### Required work
Repeat the entries that follow, exactly as they are written.

Source records
════════════════

lift_definition zero_zsqrt10 :: zsqrt10 is "(0, 0)" .
lift_definition one_zsqrt10 :: zsqrt10 is "(1, 0)" .
lift_definition plus_zsqrt10 :: "zsqrt10 \<Rightarrow> zsqrt10 \<Rightarrow> zsqrt10" is zsd_add .
lift_definition uminus_zsqrt10 :: "zsqrt10 \<Rightarrow> zsqrt10" is "\<lambda>x. (- fst x, - snd x)" .
lift_definition minus_zsqrt10 :: "zsqrt10 \<Rightarrow> zsqrt10 \<Rightarrow> zsqrt10"
  is "\<lambda>x y. (fst x - fst y, snd x - snd y)" .
lift_definition times_zsqrt10 :: "zsqrt10 \<Rightarrow> zsqrt10 \<Rightarrow> zsqrt10" is "zsd_mult 10" .

instance
  by standard (transfer; simp add: zsd_add_def zsd_mult_def algebra_simps)+

end

lift_definition sqrt10 :: zsqrt10 is "(0, 1)" .

lemma coords_of_int: "coords (of_int z) = (z, 0)"
  by (induction z rule: int_induct[where k = 0])
    (simp_all add: zero_zsqrt10.rep_eq one_zsqrt10.rep_eq plus_zsqrt10.rep_eq minus_zsqrt10.rep_eq zsd_add_def)

lemma coords_numeral [simp]: "coords (numeral n) = (numeral n, 0)"
  using coords_of_int[of "numeral n"] by simp

lemma coords_canonical [simp]: "coords (of_int a + of_int b * sqrt10) = (a, b)"
  by (simp add: plus_zsqrt10.rep_eq times_zsqrt10.rep_eq sqrt10.rep_eq coords_of_int zsd_add_def zsd_mult_def)

lemma zsqrt10_canonical: "x = of_int (fst (coords x)) + of_int (snd (coords x)) * sqrt10"
  by (metis coords_canonical coords_inject prod.collapse)

lemma sqrt10_squared [simp]: "sqrt10\<^sup>2 = 10"
proof -
  have "coords (sqrt10\<^sup>2) = coords 10"
    by (simp add: power2_eq_square times_zsqrt10.rep_eq sqrt10.rep_eq zsd_mult_def)
  then show ?thesis
    using coords_inject by blast
qed

definition zsqrt10_norm :: "zsqrt10 \<Rightarrow> int" where
  "zsqrt10_norm x = (fst (coords x))\<^sup>2 - 10 * (snd (coords x))\<^sup>2"

lemma zsqrt10_norm_canonical [simp]:
  "zsqrt10_norm (of_int a + of_int b * sqrt10) = a\<^sup>2 - 10 * b\<^sup>2"
  by (simp add: zsqrt10_norm_def)

lemma zsqrt10_norm_mult: "zsqrt10_norm (x * y) = zsqrt10_norm x * zsqrt10_norm y"
  unfolding zsqrt10_norm_def by transfer (simp add: zsd_mult_def power2_eq_square algebra_simps)

lemma zsqrt10_norm_uminus [simp]: "zsqrt10_norm (- x) = zsqrt10_norm x"
  unfolding zsqrt10_norm_def by transfer simp

lemma zsqrt10_norm_power: "zsqrt10_norm (x ^ n) = zsqrt10_norm x ^ n"
  by (induction n) (simp_all add: zsqrt10_norm_mult zsqrt10_norm_def[of 1] one_zsqrt10.rep_eq)

lemma square_eq_ten_times_square:
  fixes a b :: int
  assumes "a\<^sup>2 = 10 * b\<^sup>2"
  shows "b = 0"
  using assms
proof (induction "nat \<bar>b\<bar>" arbitrary: a b rule: less_induct)
  case (less b a)
  show ?case
  proof (rule ccontr)
    assume "b \<noteq> 0"
    have "even a"
      using less.prems by (metis even_mult_iff even_numeral even_power)
    then obtain c where c: "a = 2 * c" ..
    then have "5 * b\<^sup>2 = 2 * c\<^sup>2"
      using less.prems by (simp add: power_mult_distrib)
    then have "even b"
      by (metis even_mult_iff even_numeral odd_numeral even_power)
    then obtain e where e: "b = 2 * e" ..
    then have "c\<^sup>2 = 10 * e\<^sup>2"
      using \<open>5 * b\<^sup>2 = 2 * c\<^sup>2\<close> by (simp add: power_mult_distrib)
    moreover have "nat \<bar>e\<bar> < nat \<bar>b\<bar>"
      using e \<open>b \<noteq> 0\<close> by linarith
    ultimately have "e = 0"
      using less.hyps by blast
    with e \<open>b \<noteq> 0\<close> show False by simp
  qed
qed

lemma zsqrt10_norm_eq_0_iff [simp]: "zsqrt10_norm x = 0 \<longleftrightarrow> x = 0"
proof
  assume "zsqrt10_norm x = 0"
  then have sq: "(fst (coords x))\<^sup>2 = 10 * (snd (coords x))\<^sup>2"
    by (simp add: zsqrt10_norm_def)
  then have "snd (coords x) = 0"
    by (rule square_eq_ten_times_square)
  moreover from sq this have "fst (coords x) = 0"
    by simp
  ultimately show "x = 0"
    using zsqrt10_canonical[of x] by simp
qed (simp add: zsqrt10_norm_def zero_zsqrt10.rep_eq)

════════════════

### Answer to the exercise
lift_definition zero_zsqrt10 :: zsqrt10 is "(0, 0)" .
lift_definition one_zsqrt10 :: zsqrt10 is "(1, 0)" .
lift_definition plus_zsqrt10 :: "zsqrt10 \<Rightarrow> zsqrt10 \<Rightarrow> zsqrt10" is zsd_add .
lift_definition uminus_zsqrt10 :: "zsqrt10 \<Rightarrow> zsqrt10" is "\<lambda>x. (- fst x, - snd x)" .
lift_definition minus_zsqrt10 :: "zsqrt10 \<Rightarrow> zsqrt10 \<Rightarrow> zsqrt10"
  is "\<lambda>x y. (fst x - fst y, snd x - snd y)" .
lift_definition times_zsqrt10 :: "zsqrt10 \<Rightarrow> zsqrt10 \<Rightarrow> zsqrt10" is "zsd_mult 10" .

instance
  by standard (transfer; simp add: zsd_add_def zsd_mult_def algebra_simps)+

end

lift_definition sqrt10 :: zsqrt10 is "(0, 1)" .

lemma coords_of_int: "coords (of_int z) = (z, 0)"
  by (induction z rule: int_induct[where k = 0])
    (simp_all add: zero_zsqrt10.rep_eq one_zsqrt10.rep_eq plus_zsqrt10.rep_eq minus_zsqrt10.rep_eq zsd_add_def)

lemma coords_numeral [simp]: "coords (numeral n) = (numeral n, 0)"
  using coords_of_int[of "numeral n"] by simp

lemma coords_canonical [simp]: "coords (of_int a + of_int b * sqrt10) = (a, b)"
  by (simp add: plus_zsqrt10.rep_eq times_zsqrt10.rep_eq sqrt10.rep_eq coords_of_int zsd_add_def zsd_mult_def)

lemma zsqrt10_canonical: "x = of_int (fst (coords x)) + of_int (snd (coords x)) * sqrt10"
  by (metis coords_canonical coords_inject prod.collapse)

lemma sqrt10_squared [simp]: "sqrt10\<^sup>2 = 10"
proof -
  have "coords (sqrt10\<^sup>2) = coords 10"
    by (simp add: power2_eq_square times_zsqrt10.rep_eq sqrt10.rep_eq zsd_mult_def)
  then show ?thesis
    using coords_inject by blast
qed

definition zsqrt10_norm :: "zsqrt10 \<Rightarrow> int" where
  "zsqrt10_norm x = (fst (coords x))\<^sup>2 - 10 * (snd (coords x))\<^sup>2"

lemma zsqrt10_norm_canonical [simp]:
  "zsqrt10_norm (of_int a + of_int b * sqrt10) = a\<^sup>2 - 10 * b\<^sup>2"
  by (simp add: zsqrt10_norm_def)

lemma zsqrt10_norm_mult: "zsqrt10_norm (x * y) = zsqrt10_norm x * zsqrt10_norm y"
  unfolding zsqrt10_norm_def by transfer (simp add: zsd_mult_def power2_eq_square algebra_simps)

lemma zsqrt10_norm_uminus [simp]: "zsqrt10_norm (- x) = zsqrt10_norm x"
  unfolding zsqrt10_norm_def by transfer simp

lemma zsqrt10_norm_power: "zsqrt10_norm (x ^ n) = zsqrt10_norm x ^ n"
  by (induction n) (simp_all add: zsqrt10_norm_mult zsqrt10_norm_def[of 1] one_zsqrt10.rep_eq)

lemma square_eq_ten_times_square:
  fixes a b :: int
  assumes "a\<^sup>2 = 10 * b\<^sup>2"
  shows "b = 0"
  using assms
proof (induction "nat \<bar>b\<bar>" arbitrary: a b rule: less_induct)
  case (less b a)
  show ?case
  proof (rule ccontr)
    assume "b \<noteq> 0"
    have "even a"
      using less.prems by (metis even_mult_iff even_numeral even_power)
    then obtain c where c: "a = 2 * c" ..
    then have "5 * b\<^sup>2 = 2 * c\<^sup>2"
      using less.prems by (simp add: power_mult_distrib)
    then have "even b"
      by (metis even_mult_iff even_numeral odd_numeral even_power)
    then obtain e where e: "b = 2 * e" ..
    then have "c\<^sup>2 = 10 * e\<^sup>2"
      using \<open>5 * b\<^sup>2 = 2 * c\<^sup>2\<close> by (simp add: power_mult_distrib)
    moreover have "nat \<bar>e\<bar> < nat \<bar>b\<bar>"
      using e \<open>b \<noteq> 0\<close> by linarith
    ultimately have "e = 0"
      using less.hyps by blast
    with e \<open>b \<noteq> 0\<close> show False by simp
  qed
qed

lemma zsqrt10_norm_eq_0_iff [simp]: "zsqrt10_norm x = 0 \<longleftrightarrow> x = 0"
proof
  assume "zsqrt10_norm x = 0"
  then have sq: "(fst (coords x))\<^sup>2 = 10 * (snd (coords x))\<^sup>2"
    by (simp add: zsqrt10_norm_def)
  then have "snd (coords x) = 0"
    by (rule square_eq_ten_times_square)
  moreover from sq this have "fst (coords x) = 0"
    by simp
  ultimately show "x = 0"
    using zsqrt10_canonical[of x] by simp
qed (simp add: zsqrt10_norm_def zero_zsqrt10.rep_eq)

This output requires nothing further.